You'll be hard-pressed to find a better ICS tablet at this price.

So why should Samsung risk further diluting its dominant Android tablet brand with a WiFi-only hardware refresh that takes away much of the performance and construction gloss of the more premium, 21Mbps HSPA+ enabled Plus? Well, positioned at half the price -- $250 -- the 7-inch Tab 2 is already the more compelling option for budget-minded shoppers. Subtract the need for a monthly data contract, factor in some (mostly) comparable internals and you've got a low-cost device that escapes allusions to other budget devices. As a Galaxy Tab alternative, the Tab 2 is a sound purchase. But there's another unpretentious 7-incher that's been sweeping the market with its open arms, Android architecture and deeply integrated ecosystem : the Kindle Fire. That tablet, still running an unrecognizable build of Gingerbread, offers an identical wireless experience and costs $50 less, to boot. Backed by Amazon's vast e-book, MP3 and on-demand video library, the Fire comes off as the indisputable king of this hill. There's just no overwhelming reason why consumers would dole out extra money for a media consumption device that does the same duties without the vast content resources. Fanboyism aside, you'll either want to pony up for a network-connected slate or get the best bang for your buck -- and that would be the Kindle Fire.

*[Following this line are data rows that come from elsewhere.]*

(* Let $\Lambda$ be a finitely aligned left cancellative small category, let $\alpha,\beta\in\Lambda$ with $s(\alpha)=s(\beta)$ and $\alpha\beta^*\in S_\Lambda^{\mathrm{Iso}}$, and write $\alpha\Lambda\cap\beta\Lambda=\bigcup_{i=1}^n\gamma_i\Lambda$ with $\gamma_i\in\Lambda$. Then $D_{\alpha\Lambda}=D_{\beta\Lambda}=\bigcup_{i=1}^nD_{\gamma_i\Lambda}$. Furthermore, if $\gamma\in\Lambda$ satisfies $\gamma\Lambda\cap\alpha\Lambda\neq\emptyset$ or $\gamma\Lambda\cap\beta\Lambda\neq\emptyset$, then there exists $1\le i\le n$ with $\gamma\Lambda\cap\gamma_i\Lambda\neq\emptyset$.
   Context: $\Lambda$ is a left cancellative small category (range $r$, source $s$), finitely aligned: each $\alpha\Lambda\cap\beta\Lambda$ is a finite union of sets $f\Lambda$, where $\alpha\Lambda=\{\alpha\beta:s(\alpha)=r(\beta)\}$. Each $\alpha$ is viewed as the partial bijection $s(\alpha)\Lambda\to\alpha\Lambda$, $\beta\mapsto\alpha\beta$, in the symmetric inverse monoid $\mathcal{I}(\Lambda)$, with inverse $\alpha^*$; $S_\Lambda$ is the inverse semigroup they generate. $S_\Lambda^{\mathrm{Iso}}=\{s\in S_\Lambda: ses^*e\neq0\text{ for all idempotents }0\neq e\leqslant s^*s\}$. The constructible sets are $\mathcal{J}(\Lambda)=\{X\subseteq\Lambda:\mathrm{Id}_X\in S_\Lambda\}$, a semilattice under intersection isomorphic to the idempotent semilattice of $S_\Lambda$ (e.g. $\alpha\Lambda\in\mathcal{J}(\Lambda)$ since $\mathrm{Id}_{\alpha\Lambda}=\alpha\alpha^*$). Filters are nonempty proper subsets of $\mathcal{J}(\Lambda)$ (not containing $\emptyset$) closed under intersection and upward closed; tight filters are those in the closure of the maximal filters in $\{0,1\}^{\mathcal{J}(\Lambda)}$. For $X\in\mathcal{J}(\Lambda)$, $D_X=\{\xi\text{ tight filter}:X\in\xi\}$. *)

theory Defs
  imports "HOL-Analysis.Analysis"
begin

text \<open>A small category is given by its set of morphisms L, range and source maps
  r s (valued in identity morphisms, which represent the objects), and a composition
  c, where c a b (written ab in the paper) is defined when s a = r b.\<close>

definition small_category ::
  "'a set \<Rightarrow> ('a \<Rightarrow> 'a) \<Rightarrow> ('a \<Rightarrow> 'a) \<Rightarrow> ('a \<Rightarrow> 'a \<Rightarrow> 'a) \<Rightarrow> bool" where
  "small_category L r s c \<longleftrightarrow>
     (\<forall>a\<in>L. r a \<in> L \<and> s a \<in> L \<and> r (r a) = r a \<and> s (r a) = r a
              \<and> r (s a) = s a \<and> s (s a) = s a
              \<and> c (r a) a = a \<and> c a (s a) = a) \<and>
     (\<forall>a\<in>L. \<forall>b\<in>L. s a = r b \<longrightarrow> c a b \<in> L \<and> r (c a b) = r a \<and> s (c a b) = s b) \<and>
     (\<forall>a\<in>L. \<forall>b\<in>L. \<forall>d\<in>L. s a = r b \<longrightarrow> s b = r d \<longrightarrow> c (c a b) d = c a (c b d))"

definition left_cancellative ::
  "'a set \<Rightarrow> ('a \<Rightarrow> 'a) \<Rightarrow> ('a \<Rightarrow> 'a) \<Rightarrow> ('a \<Rightarrow> 'a \<Rightarrow> 'a) \<Rightarrow> bool" where
  "left_cancellative L r s c \<longleftrightarrow>
     (\<forall>a\<in>L. \<forall>b\<in>L. \<forall>d\<in>L. s a = r b \<longrightarrow> s a = r d \<longrightarrow> c a b = c a d \<longrightarrow> b = d)"

definition rset :: "'a set \<Rightarrow> ('a \<Rightarrow> 'a) \<Rightarrow> ('a \<Rightarrow> 'a) \<Rightarrow> ('a \<Rightarrow> 'a \<Rightarrow> 'a) \<Rightarrow> 'a \<Rightarrow> 'a set" where
  "rset L r s c a = {c a b | b. b \<in> L \<and> s a = r b}"

definition finitely_aligned ::
  "'a set \<Rightarrow> ('a \<Rightarrow> 'a) \<Rightarrow> ('a \<Rightarrow> 'a) \<Rightarrow> ('a \<Rightarrow> 'a \<Rightarrow> 'a) \<Rightarrow> bool" where
  "finitely_aligned L r s c \<longleftrightarrow>
     (\<forall>a\<in>L. \<forall>b\<in>L. \<exists>F. finite F \<and> F \<subseteq> L \<and>
        rset L r s c a \<inter> rset L r s c b = (\<Union>g\<in>F. rset L r s c g))"

text \<open>Partial bijections of L are modelled as partial maps; composition map_comp f g
  applies g first (usual composition in the symmetric inverse monoid).\<close>

definition pmor :: "'a set \<Rightarrow> ('a \<Rightarrow> 'a) \<Rightarrow> ('a \<Rightarrow> 'a) \<Rightarrow> ('a \<Rightarrow> 'a \<Rightarrow> 'a) \<Rightarrow> 'a \<Rightarrow> ('a \<rightharpoonup> 'a)" where
  "pmor L r s c a = (\<lambda>b. if b \<in> L \<and> r b = s a then Some (c a b) else None)"

definition pinv :: "('a \<rightharpoonup> 'a) \<Rightarrow> ('a \<rightharpoonup> 'a)" where
  "pinv f = (\<lambda>y. if y \<in> ran f then Some (THE x. f x = Some y) else None)"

At almost half the price of the similar-looking Galaxy Tab 7.0 Plus, the Tab 2 performs gracefully, comes with ample storage space to harbor your vast trove of media, and generally makes Google's latest software more accessible. Still, despite its reliable performance, it seems to us that Samsung didn't do enough to effectively overpower the allure of the Kindle Fire's tidy ecosystem. Without access to a well-curated content library, the Tab 2 (7.0) doesn't really stand out amid an ever deepening line of Android 4.0 devices, and it will have to work that much harder to win the hearts of consumers looking for a 7-inch tablet (or just a really inexpensive one). All that said, you'll be hard-pressed to find a better ICS tablet at this price. So if that newly minted OS is what your wallet's angling for, go ahead: take the plunge and call this media-minded slate your own. Had Samsung chopped off an extra $50 and put this on even ground with the Kindle Fire, though, it might have had an even clearer winner on its hands.